◆ Goal of the exercise
Would you set down every entry shown below, precisely as written?

◆ Input material
(* Let $Q=\langle b\rangle\ltimes_{(g,\gamma)}X$. For all $i,j,k\in\mathbb Z$ and $x,y,z\in X$, $$[(b^i,x),(b^j,y),(b^k,z)]=\Big(1,\ \Sigma_{I(i+j,i+j+k)}(x,y)+\Sigma_{I(i+k,i+j+k)}(x,z)+\Sigma_{I(j+k,i+j+k)}(y,z)\Big).$$
   Context: Let $(X,+)$ be an abelian group and $(g,\gamma)$ a construction pair on it: $g$ a permutation of $X$, $\gamma:X\times X\to X$ symmetric, alternating, biadditive, with (C1) $g^{-1}(g(x)+g(y))=x+y+\gamma(x,y)+g^{-1}(\gamma(x,y))+g^{-2}(\gamma(x,y))$, (C2) $\gamma(\gamma(x,y),z)=0$, (C3) $g^{-1}(\gamma(x,y))=\gamma(g(x),y)$ for all $x,y,z$. Let $\mathrm{Rad}(\gamma)=\{x:\gamma(x,y)=0\ \forall y\}$ and $r(g,\gamma)$ the least positive $r$ with $\sum_{0\le k<r}g^k(x)\in\mathrm{Rad}(\gamma)$ for all $x$ ($\infty$ if none). $I(i,j)$ is $\emptyset$ if $i=j$, $\{i,\dots,j-1\}$ if $i<j$, $\{j,\dots,i-1\}$ if $j<i$. For $U\subseteq\mathbb Z$, $\Sigma_U(x,y)=\sum_{k\in U}g^{-k}(\gamma(x,y))$. For a cyclic group $C=\langle b\rangle$ such that (if finite) $|g|$ and $r(g,\gamma)$ divide $|C|$, $C\ltimes_{(g,\gamma)}X$ is the Moufang loop on $C\times X$ with multiplication $(b^i,x)(b^j,y)=(b^{i+j},g^{-j}(x)+y+\Sigma_{I(i+j,-j)}(x,y))$ and neutral element $(1,0)$. The associator $[u,v,w]$ in a loop is defined by $(u\cdot vw)[u,v,w]=uv\cdot w$. *)

theory Defs
  imports Main
begin

definition gpow :: "('a \<Rightarrow> 'a) \<Rightarrow> int \<Rightarrow> 'a \<Rightarrow> 'a" where
  "gpow g k = (if 0 \<le> k then g ^^ nat k else (inv g) ^^ nat (- k))"

definition construction_pair :: "('a::ab_group_add \<Rightarrow> 'a) \<Rightarrow> ('a \<Rightarrow> 'a \<Rightarrow> 'a) \<Rightarrow> bool" where
  "construction_pair g \<gamma> \<longleftrightarrow>
     bij g \<and>
     (\<forall>x y. \<gamma> x y = \<gamma> y x) \<and>
     (\<forall>x. \<gamma> x x = 0) \<and>
     (\<forall>x y z. \<gamma> (x + y) z = \<gamma> x z + \<gamma> y z) \<and>
     (\<forall>x y z. \<gamma> x (y + z) = \<gamma> x y + \<gamma> x z) \<and>
     (\<forall>x y. gpow g (-1) (g x + g y)
        = x + y + \<gamma> x y + gpow g (-1) (\<gamma> x y) + gpow g (-2) (\<gamma> x y)) \<and>
     (\<forall>x y z. \<gamma> (\<gamma> x y) z = 0) \<and>
     (\<forall>x y. gpow g (-1) (\<gamma> x y) = \<gamma> (g x) y)"

definition Rad :: "('a \<Rightarrow> 'a \<Rightarrow> 'a::zero) \<Rightarrow> 'a set" where
  "Rad \<gamma> = {x. \<forall>y. \<gamma> x y = 0}"

text \<open>r(g,gamma); the value 0 encodes \<infinity>.\<close>
definition rpar :: "('a::comm_monoid_add \<Rightarrow> 'a) \<Rightarrow> ('a \<Rightarrow> 'a \<Rightarrow> 'a) \<Rightarrow> nat" where
  "rpar g \<gamma> = (if \<exists>r>0. \<forall>x. (\<Sum>k<r. (g ^^ k) x) \<in> Rad \<gamma>
                then LEAST r. r > 0 \<and> (\<forall>x. (\<Sum>k<r. (g ^^ k) x) \<in> Rad \<gamma>) else 0)"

◆ Answer to the problem
(* Let $Q=\langle b\rangle\ltimes_{(g,\gamma)}X$. For all $i,j,k\in\mathbb Z$ and $x,y,z\in X$, $$[(b^i,x),(b^j,y),(b^k,z)]=\Big(1,\ \Sigma_{I(i+j,i+j+k)}(x,y)+\Sigma_{I(i+k,i+j+k)}(x,z)+\Sigma_{I(j+k,i+j+k)}(y,z)\Big).$$
   Context: Let $(X,+)$ be an abelian group and $(g,\gamma)$ a construction pair on it: $g$ a permutation of $X$, $\gamma:X\times X\to X$ symmetric, alternating, biadditive, with (C1) $g^{-1}(g(x)+g(y))=x+y+\gamma(x,y)+g^{-1}(\gamma(x,y))+g^{-2}(\gamma(x,y))$, (C2) $\gamma(\gamma(x,y),z)=0$, (C3) $g^{-1}(\gamma(x,y))=\gamma(g(x),y)$ for all $x,y,z$. Let $\mathrm{Rad}(\gamma)=\{x:\gamma(x,y)=0\ \forall y\}$ and $r(g,\gamma)$ the least positive $r$ with $\sum_{0\le k<r}g^k(x)\in\mathrm{Rad}(\gamma)$ for all $x$ ($\infty$ if none). $I(i,j)$ is $\emptyset$ if $i=j$, $\{i,\dots,j-1\}$ if $i<j$, $\{j,\dots,i-1\}$ if $j<i$. For $U\subseteq\mathbb Z$, $\Sigma_U(x,y)=\sum_{k\in U}g^{-k}(\gamma(x,y))$. For a cyclic group $C=\langle b\rangle$ such that (if finite) $|g|$ and $r(g,\gamma)$ divide $|C|$, $C\ltimes_{(g,\gamma)}X$ is the Moufang loop on $C\times X$ with multiplication $(b^i,x)(b^j,y)=(b^{i+j},g^{-j}(x)+y+\Sigma_{I(i+j,-j)}(x,y))$ and neutral element $(1,0)$. The associator $[u,v,w]$ in a loop is defined by $(u\cdot vw)[u,v,w]=uv\cdot w$. *)

theory Defs
  imports Main
begin

definition gpow :: "('a \<Rightarrow> 'a) \<Rightarrow> int \<Rightarrow> 'a \<Rightarrow> 'a" where
  "gpow g k = (if 0 \<le> k then g ^^ nat k else (inv g) ^^ nat (- k))"

definition construction_pair :: "('a::ab_group_add \<Rightarrow> 'a) \<Rightarrow> ('a \<Rightarrow> 'a \<Rightarrow> 'a) \<Rightarrow> bool" where
  "construction_pair g \<gamma> \<longleftrightarrow>
     bij g \<and>
     (\<forall>x y. \<gamma> x y = \<gamma> y x) \<and>
     (\<forall>x. \<gamma> x x = 0) \<and>
     (\<forall>x y z. \<gamma> (x + y) z = \<gamma> x z + \<gamma> y z) \<and>
     (\<forall>x y z. \<gamma> x (y + z) = \<gamma> x y + \<gamma> x z) \<and>
     (\<forall>x y. gpow g (-1) (g x + g y)
        = x + y + \<gamma> x y + gpow g (-1) (\<gamma> x y) + gpow g (-2) (\<gamma> x y)) \<and>
     (\<forall>x y z. \<gamma> (\<gamma> x y) z = 0) \<and>
     (\<forall>x y. gpow g (-1) (\<gamma> x y) = \<gamma> (g x) y)"

definition Rad :: "('a \<Rightarrow> 'a \<Rightarrow> 'a::zero) \<Rightarrow> 'a set" where
  "Rad \<gamma> = {x. \<forall>y. \<gamma> x y = 0}"

text \<open>r(g,gamma); the value 0 encodes \<infinity>.\<close>
definition rpar :: "('a::comm_monoid_add \<Rightarrow> 'a) \<Rightarrow> ('a \<Rightarrow> 'a \<Rightarrow> 'a) \<Rightarrow> nat" where
  "rpar g \<gamma> = (if \<exists>r>0. \<forall>x. (\<Sum>k<r. (g ^^ k) x) \<in> Rad \<gamma>
                then LEAST r. r > 0 \<and> (\<forall>x. (\<Sum>k<r. (g ^^ k) x) \<in> Rad \<gamma>) else 0)"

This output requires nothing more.